(* Let $\pi_2$ be the five-dimensional complex associative algebra with basis $e_1,\dots,e_5$ and nonzero products $e_1e_1=e_2$, $e_1e_2=e_2e_1=e_3$, $e_1e_4=e_4e_1=e_5$, $e_4e_4=e_5$ (all other products of basis elements are zero). The group $LocAut(\pi_2)$ of all local automorphisms of $\pi_2$ satisfies $$LocAut(\pi_2)=\{\exp(\nabla):\nabla\in LocDer(\pi_2)\},$$ where $LocDer(\pi_2)$ is the set of all local derivations of $\pi_2$ and $\exp(\nabla)=I+\sum_{n=1}^\infty \frac{\nabla^n}{n!}$, with $I$ the identity map of $\pi_2$.
   Context: An automorphism is a bijective linear map $\Phi$ with $\Phi(xy)=\Phi(x)\Phi(y)$; a linear map $\Phi$ is a local automorphism if for every $\nu$ there is an automorphism $\varphi_\nu$ with $\Phi(\nu)=\varphi_\nu(\nu)$. A derivation is a linear map $D$ with $D(xy)=D(x)y+xD(y)$; a linear map $\nabla$ is a local derivation if for every $x$ there is a derivation $D_x$ with $\nabla(x)=D_x(x)$. Local automorphisms of a finite-dimensional algebra form a group under composition. *)

theory Defs
  imports "HOL-Analysis.Analysis"
begin

text \<open>The algebra pi2 is modelled on complex^5; coordinate k (k = 1..5) of a vector
  is its coefficient at the basis vector e_k (in the numeral type 5 the index 5 is
  the fifth element, distinct from 1..4).\<close>

type_synonym pi2 = "complex ^ 5"

definition pi2_mult :: "pi2 \<Rightarrow> pi2 \<Rightarrow> pi2" where
  "pi2_mult x y = (\<chi> k.
      if k = 2 then x$1 * y$1
      else if k = 3 then x$1 * y$2 + x$2 * y$1
      else if k = 5 then x$1 * y$4 + x$4 * y$1 + x$4 * y$4
      else 0)"

definition clinear :: "(pi2 \<Rightarrow> pi2) \<Rightarrow> bool" where
  "clinear f \<longleftrightarrow> Vector_Spaces.linear (*s) (*s) f"

definition is_aut :: "(pi2 \<Rightarrow> pi2) \<Rightarrow> bool" where
  "is_aut \<Phi> \<longleftrightarrow> clinear \<Phi> \<and> bij \<Phi> \<and> (\<forall>x y. \<Phi> (pi2_mult x y) = pi2_mult (\<Phi> x) (\<Phi> y))"

definition local_aut :: "(pi2 \<Rightarrow> pi2) \<Rightarrow> bool" where
  "local_aut \<Phi> \<longleftrightarrow> clinear \<Phi> \<and> (\<forall>v. \<exists>\<phi>. is_aut \<phi> \<and> \<Phi> v = \<phi> v)"

definition is_der :: "(pi2 \<Rightarrow> pi2) \<Rightarrow> bool" where
  "is_der D \<longleftrightarrow> clinear D \<and>
     (\<forall>x y. D (pi2_mult x y) = pi2_mult (D x) y + pi2_mult x (D y))"
lemma bform_sum_left: "bform n S (\<lambda>j. \<Sum>k\<in>A. x k j) y = (\<Sum>k\<in>A. bform n S (x k) y)"
  unfolding bform_def
  by (simp add: sum_distrib_right) (subst sum.swap, rule sum.cong[OF refl], rule sum.swap)

lemma bform_sum_right: "bform n S x (\<lambda>j. \<Sum>k\<in>A. y k j) = (\<Sum>k\<in>A. bform n S x (y k))"
  unfolding bform_def
  by (simp add: sum_distrib_left) (subst sum.swap, rule sum.cong[OF refl], rule sum.swap)

lemma bform_scale_left: "bform n S (\<lambda>j. c * x j) y = c * bform n S x y"
  by (simp add: bform_def sum_distrib_left algebra_simps)

lemma bform_scale_right: "bform n S x (\<lambda>j. c * y j) = c * bform n S x y"
  by (simp add: bform_def sum_distrib_left algebra_simps)

lemma bform_commute: "posdef n S \<Longrightarrow> bform n S x y = bform n S y x"
  unfolding bform_def posdef_def by (subst sum.swap) (auto intro!: sum.cong)

lemma bform_basis_left:
  assumes "i < n"
  shows "bform n S (basis_vec i) y = (\<Sum>j<n. S i j * y j)"
proof -
  have "bform n S (basis_vec i) y = (\<Sum>i'<n. if i' = i then (\<Sum>j<n. S i j * y j) else 0)"
    unfolding bform_def basis_vec_def by (intro sum.cong) auto
  with assms show ?thesis by simp
qed

lemma bform_basis_basis: "i < n \<Longrightarrow> j < n \<Longrightarrow> bform n S (basis_vec i) (basis_vec j) = S i j"
  using bform_basis_left[of i n S "basis_vec j"]
  by (simp add: basis_vec_def if_distrib[where f = "\<lambda>c. _ * c"] cong: if_cong)

locale mrd_gram_schmidt =
  fixes n r :: nat and S :: "nat \<Rightarrow> nat \<Rightarrow> real" and K :: "nat list \<Rightarrow> nat set"
    and N :: "nat list set"
  assumes posdef_S: "posdef n S"
    and take_closed: "c \<in> N \<Longrightarrow> take k c \<in> N"
    and knots_below: "c \<in> N \<Longrightarrow> K c \<subseteq> {..<n}"
    and card_knots: "c \<in> N \<Longrightarrow> card (K c) = r"
    and knots_disjoint_prefix: "c \<in> N \<Longrightarrow> k < length c \<Longrightarrow> K c \<inter> K (take k c) = {}"
    and posdef_invertible: "posdef r A \<Longrightarrow> right_inverse r A (mat_inv r A)"
      \<comment> \<open>trivial for \<open>r = 1\<close>; that case yields Cholesky factors, which give it for every \<open>r\<close>\<close>
begin
(* Let $G$ be a graph whose $\operatorname{IR}$-graph $H=G(\operatorname{IR})$ is connected. Let $X=\{x_1,\dots,x_r\}$ be an $\operatorname{IR}(G)$-set such that exactly three vertices $x_1,x_2,x_3$ have positive degree in $G[X]$. For $i=1,2,3$ let $x_i'\in\operatorname{EPN}(x_i,X)$, and let $X'=(X-\{x_1,x_2,x_3\})\cup\{x_1',x_2',x_3'\}$. If $d_H(X,X')=3$, then $H$ contains an induced $4$-cycle, or $H$ contains an induced subgraph isomorphic to the double star $S(2,2)$ in which $X$ and $X'$ are leaves at distance $3$ from each other (antipodal leaves).
   Context: All graphs are finite and simple. For $G=(V,E)$, $D\subseteq V$, $v\in D$: $\operatorname{PN}(v,D)=N[v]-N[D-\{v\}]$ and $\operatorname{EPN}(v,D)=\operatorname{PN}(v,D)-D$. $D$ is irredundant if $\operatorname{PN}(v,D)\neq\varnothing$ for all $v\in D$; $\operatorname{IR}(G)$ is the maximum size of an irredundant set; an $\operatorname{IR}(G)$-set is an irredundant set of that size. $G(\operatorname{IR})$ has the $\operatorname{IR}(G)$-sets as vertices, with $D\sim D'$ iff there exist $u\in D$, $v\in D'$ with $uv\in E(G)$ and $D'=(D-\{u\})\cup\{v\}$. $d_H$ is distance in $H$. The double star $S(2,2)$ is the tree obtained by joining the centres of two copies of $K_{1,2}$ by an edge (6 vertices, diameter 3). *)

theory Defs
  imports Main
begin

definition graph :: "'a set \<Rightarrow> ('a \<Rightarrow> 'a \<Rightarrow> bool) \<Rightarrow> bool" where
  "graph V adj \<longleftrightarrow> finite V \<and> (\<forall>u v. adj u v \<longrightarrow> u \<in> V \<and> v \<in> V)
     \<and> (\<forall>u v. adj u v \<longrightarrow> adj v u) \<and> (\<forall>v. \<not> adj v v)"

definition cnbhd :: "'a set \<Rightarrow> ('a \<Rightarrow> 'a \<Rightarrow> bool) \<Rightarrow> 'a \<Rightarrow> 'a set" where
  "cnbhd V adj v = {u \<in> V. u = v \<or> adj v u}"

definition cnbhd_set :: "'a set \<Rightarrow> ('a \<Rightarrow> 'a \<Rightarrow> bool) \<Rightarrow> 'a set \<Rightarrow> 'a set" where
  "cnbhd_set V adj S = (\<Union>v\<in>S. cnbhd V adj v)"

*Exercise*
Your task is to copy every line in the entries that holds the string "swap".

*Written answer*
  by (simp add: sum_distrib_right) (subst sum.swap, rule sum.cong[OF refl], rule sum.swap)
  by (simp add: sum_distrib_left) (subst sum.swap, rule sum.cong[OF refl], rule sum.swap)
  unfolding bform_def posdef_def by (subst sum.swap) (auto intro!: sum.cong)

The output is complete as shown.